右サイドの松原は孤軍奮闘で耐え抜いた。思えば、開幕戦では松原の守備は酷評されていた。遠い昔のような思い出だ。一方で至れり尽くせりだったのは左サイド。お互いにサイドバックのあるべき姿とタイミングを知り尽くした下平と山中が、絶妙のコンビネーションで突破する。そして、もちろん守備も強い。一発勝負の準決勝戦と決勝戦に、この左サイドは心強い。扇原と中町の組み合わせも良い。ジョンスも危なげなく浦和の攻撃を防ぐ。

久々の1-0の勝利。崩壊していた守備が天皇杯準決勝戦を前に持ち直し、完封できたことで、良いイメージでリーグ戦を終えることができる。
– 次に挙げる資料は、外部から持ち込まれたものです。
lemma Kfun_eq:
  fixes u :: "'a::euclidean_space \<Rightarrow> complex"
  assumes "u \<in> borel_measurable lborel"
  shows "Kfun \<alpha> \<gamma> p a b u
       = ((2 * a + real DIM('a) * b) * enn2real (L2_sq u)
          + (2 * a + (real DIM('a) - 2 * \<alpha>) * b) * frac_lap_sq \<alpha> u) / 2
         - ((p + 1) * a + (real DIM('a) + \<gamma>) * b) * weighted_power_integral \<gamma> p u / (p + 1)"
proof -
  define e1 e2 e3 where "e1 = 2 * a + real DIM('a) * b"
    and "e2 = 2 * a + (real DIM('a) - 2 * \<alpha>) * b" and "e3 = (p + 1) * a + (real DIM('a) + \<gamma>) * b"
  define M D W where "M = enn2real (L2_sq u)" and "D = frac_lap_sq \<alpha> u"
    and "W = weighted_power_integral \<gamma> p u"
  have "eventually (\<lambda>t. t \<in> {0<..}) (nhds (1::real))"
    by (rule eventually_nhds_in_open) auto
  then have "eventually (\<lambda>t. action \<alpha> \<gamma> p (rescale a b t u)
      = (t powr e1 * M + t powr e2 * D) / 2 - t powr e3 * W / (p + 1)) (nhds 1)"
    by eventually_elim (simp_all add: action_rescale[OF assms] e1_def e2_def e3_def M_def D_def W_def)
  moreover have "((\<lambda>t. (t powr e1 * M + t powr e2 * D) / 2 - t powr e3 * W / (p + 1))
      has_real_derivative (e1 * M + e2 * D) / 2 - e3 * W / (p + 1)) (at 1)"
    by (cases "p + 1 = 0") (auto intro!: derivative_eq_intros)
  ultimately have "((\<lambda>t. action \<alpha> \<gamma> p (rescale a b t u))
      has_real_derivative (e1 * M + e2 * D) / 2 - e3 * W / (p + 1)) (at 1)"
    by (subst DERIV_cong_ev[OF refl]) auto
  then show ?thesis
    unfolding Kfun_def e1_def e2_def e3_def M_def D_def W_def by (rule DERIV_imp_deriv)
qed
lemma neg_ends_shape_2_1_middle:
  assumes n: "3 \<le> n" and s: "neg_ends_shape n w 2 1" and i: "2 \<le> i" "i \<le> n - 1"
  shows "w i = int i + 1"
proof -
  have w: "w \<in> signed_perms n" and w1: "w 1 = -2" and wn: "w n = -1"
    and m: "increasing_middle n w" using s by (auto simp: neg_ends_shape_def)
  have "int 2 + 1 \<le> w j \<and> w j \<le> int (n - 1) + 1" if "j \<in> {2..n - 1}" for j
  proof -
    have j: "j \<in> {1..n}" "j \<noteq> 1" "j \<noteq> n" using that n by auto
    have "\<bar>w j\<bar> \<noteq> \<bar>w 1\<bar>" "\<bar>w j\<bar> \<noteq> \<bar>w n\<bar>"
      using signed_perms_abs_eq_iff[OF w j(1)] j n by auto
    moreover have "0 < w j" using m that by (simp add: increasing_middle_def)
    ultimately show ?thesis using signed_perms_abs_le[OF w j(1)] w1 wn n by auto
  qed
  moreover have "w j < w (Suc j)" if "2 \<le> j" "j < n - 1" for j
    using m that by (simp add: increasing_middle_def)
  ultimately show ?thesis using increasing_on_interval_eq_shift[of 2 "n - 1" w 1 i] i by simp
qed

lemma neg_ends_shape_2_1_unique:
  assumes n: "3 \<le> n" and "neg_ends_shape n w 2 1" "neg_ends_shape n w' 2 1"
  shows "w = w'"
proof
  fix i
  show "w i = w' i"
  proof (cases "2 \<le> i \<and> i \<le> n - 1")
    case True
    then show ?thesis
      using neg_ends_shape_2_1_middle[OF n assms(2), of i] neg_ends_shape_2_1_middle[OF n assms(3), of i]
      by simp
  next
    case False
    then have "i = 1 \<or> i = n \<or> i \<notin> {1..n}" by auto
    then show ?thesis
      using assms(2,3) signed_perms_outside[of w n i] signed_perms_outside[of w' n i]
      by (auto simp: neg_ends_shape_def)
  qed
qed
definition torus_measure :: "(real^'d) measure" where
  "torus_measure = restrict_space lebesgue torus_cube"

definition torus_exp :: "real^'d \<Rightarrow> real^'d \<Rightarrow> complex" where
  "torus_exp k x = exp (\<i> * of_real (k \<bullet> x))"

lemma torus_cube_sets [measurable]:
  "torus_cube \<in> sets lborel" "torus_cube \<in> sets lebesgue"
  by (simp_all add: torus_cube_def)

lemma finite_measure_torus_measure: "finite_measure torus_measure"
proof (rule finite_measureI)
  have "emeasure lborel torus_cube < \<infinity>"
    unfolding torus_cube_def by (rule emeasure_bounded_finite) simp
  then show "emeasure torus_measure (space torus_measure) \<noteq> \<infinity>"
    by (simp add: torus_measure_def emeasure_restrict_space main_part[OF torus_cube_sets(1)] less_top)
qed

lemma integral_torus_measure:
  fixes f :: "real^'d \<Rightarrow> 'b::{banach,second_countable_topology}"
  shows "integral\<^sup>L torus_measure f = (LINT x:torus_cube|lebesgue. f x)"
  by (simp add: torus_measure_def integral_restrict_space set_lebesgue_integral_def)

lemma integrable_torus_measure_iff:
  fixes f :: "real^'d \<Rightarrow> 'b::{banach,second_countable_topology}"
  shows "integrable torus_measure f \<longleftrightarrow> set_integrable lebesgue torus_cube f"
  by (simp add: torus_measure_def integrable_restrict_space set_integrable_def)

lemma borel_measurable_torus_measure_iff:
  fixes f :: "real^'d \<Rightarrow> 'b::real_normed_vector"
  shows "f \<in> borel_measurable torus_measure \<longleftrightarrow> set_borel_measurable lebesgue torus_cube f"
  by (simp add: torus_measure_def set_borel_measurable_def borel_measurable_restrict_space_iff)

lemma torus_exp_measurable [measurable]: "torus_exp k \<in> borel_measurable torus_measure"
proof -
  have "torus_exp k \<in> borel_measurable borel"
    unfolding torus_exp_def by (intro borel_measurable_continuous_onI continuous_intros)
  then show ?thesis
    unfolding torus_measure_def
    by (intro measurable_restrict_space1) (simp add: measurable_completion cong: measurable_cong_sets)
qed

lemma torus_exp_mult_cnj: "torus_exp k x * cnj (torus_exp l x) = torus_exp (k - l) x"
  by (simp add: torus_exp_def exp_cnj inner_diff_left flip: exp_add) (simp add: algebra_simps)
text \<open>\<open>zstat\<close> may read coordinates outside the index set, where every point of the
  product space has the junk value \<open>undefined\<close>.\<close>

lemma measurable_component_PiM_borel [measurable]:
  "(\<lambda>\<omega>. \<omega> x) \<in> borel_measurable (PiM I (\<lambda>_. borel :: real measure))"
proof (cases "x \<in> I")
  case True
  then show ?thesis by (rule measurable_component_singleton)
next
  case False
  then have "\<omega> x = undefined" if "\<omega> \<in> space (PiM I (\<lambda>_. borel :: real measure))" for \<omega>
    using that by (auto simp: space_PiM PiE_def extensional_def)
  then show ?thesis
    by (subst measurable_cong[where g = "\<lambda>_. undefined"]) auto
qed

lemma zstat_measurable [measurable]:
  "zstat D \<sigma> k j \<in> borel_measurable (PiM I (\<lambda>_. borel :: real measure))"
  unfolding zstat_def Let_def by measurable

lemma trial_state_measurable:
  "Measurable.pred (PiM I (\<lambda>_. borel :: real measure)) (\<lambda>\<omega>. k \<in> fst (trial_state D \<sigma> \<omega> t)) \<and>
   Measurable.pred (PiM I (\<lambda>_. borel :: real measure)) (\<lambda>\<omega>. k \<in> snd (trial_state D \<sigma> \<omega> t))"
proof (induction t arbitrary: k)
  case (Suc t)
  have [measurable]:
    "Measurable.pred (PiM I (\<lambda>_. borel :: real measure)) (\<lambda>\<omega>. k \<in> fst (trial_state D \<sigma> \<omega> t))"
    "Measurable.pred (PiM I (\<lambda>_. borel :: real measure)) (\<lambda>\<omega>. k \<in> snd (trial_state D \<sigma> \<omega> t))" for k
    using Suc by auto
  \<comment> \<open>stopping is expressed as a countable existential, which the measurability prover handles\<close>
  have stopped: "snd (trial_state D \<sigma> \<omega> t) \<noteq> {} \<longleftrightarrow> (\<exists>k. k \<in> snd (trial_state D \<sigma> \<omega> t))" for \<omega>
    by auto
  have "(k \<in> fst (trial_state D \<sigma> \<omega> (Suc t))) \<longleftrightarrow>
      (if \<exists>k. k \<in> snd (trial_state D \<sigma> \<omega> t) then k \<in> fst (trial_state D \<sigma> \<omega> t)
       else k \<in> fst (trial_state D \<sigma> \<omega> t) \<and> \<not> zstat D \<sigma> k (Suc t - s D k) \<omega> < l D k (Suc t - s D k)
         \<and> Suc t - s D k \<noteq> J D k \<or> k \<in> {1..K D} \<and> s D k = Suc t)"
    "(k \<in> snd (trial_state D \<sigma> \<omega> (Suc t))) \<longleftrightarrow>
      (if \<exists>k. k \<in> snd (trial_state D \<sigma> \<omega> t) then k \<in> snd (trial_state D \<sigma> \<omega> t)
       else k \<in> fst (trial_state D \<sigma> \<omega> t) \<and> u D k (Suc t - s D k) < zstat D \<sigma> k (Suc t - s D k) \<omega>)"
    for \<omega>
    unfolding stopped[symmetric]
    by (auto simp del: trial_state.simps
        simp: trial_state_stopped trial_state_Suc_active_iff trial_state_Suc_rejected_iff)
  then show ?case by simp
qed simp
笑顔のトリコロール。そして浦和サポーターも笑顔だった。これがアジアチャンピオンの余裕なのか・・・。浦和美園駅に近づくにつれて、徐々に腹が立ってくる。浦和は本気ではなかった。負けて悔しがっている選手もサポーターも見つけられなかった。私たちは浦和を本気にすることができなかったのだ。1-0で完封勝利したのも関わらず、悔しい思いしかない。

来シーズンに、試合前から浦和を本気にさせるには、天皇杯を獲るしかない。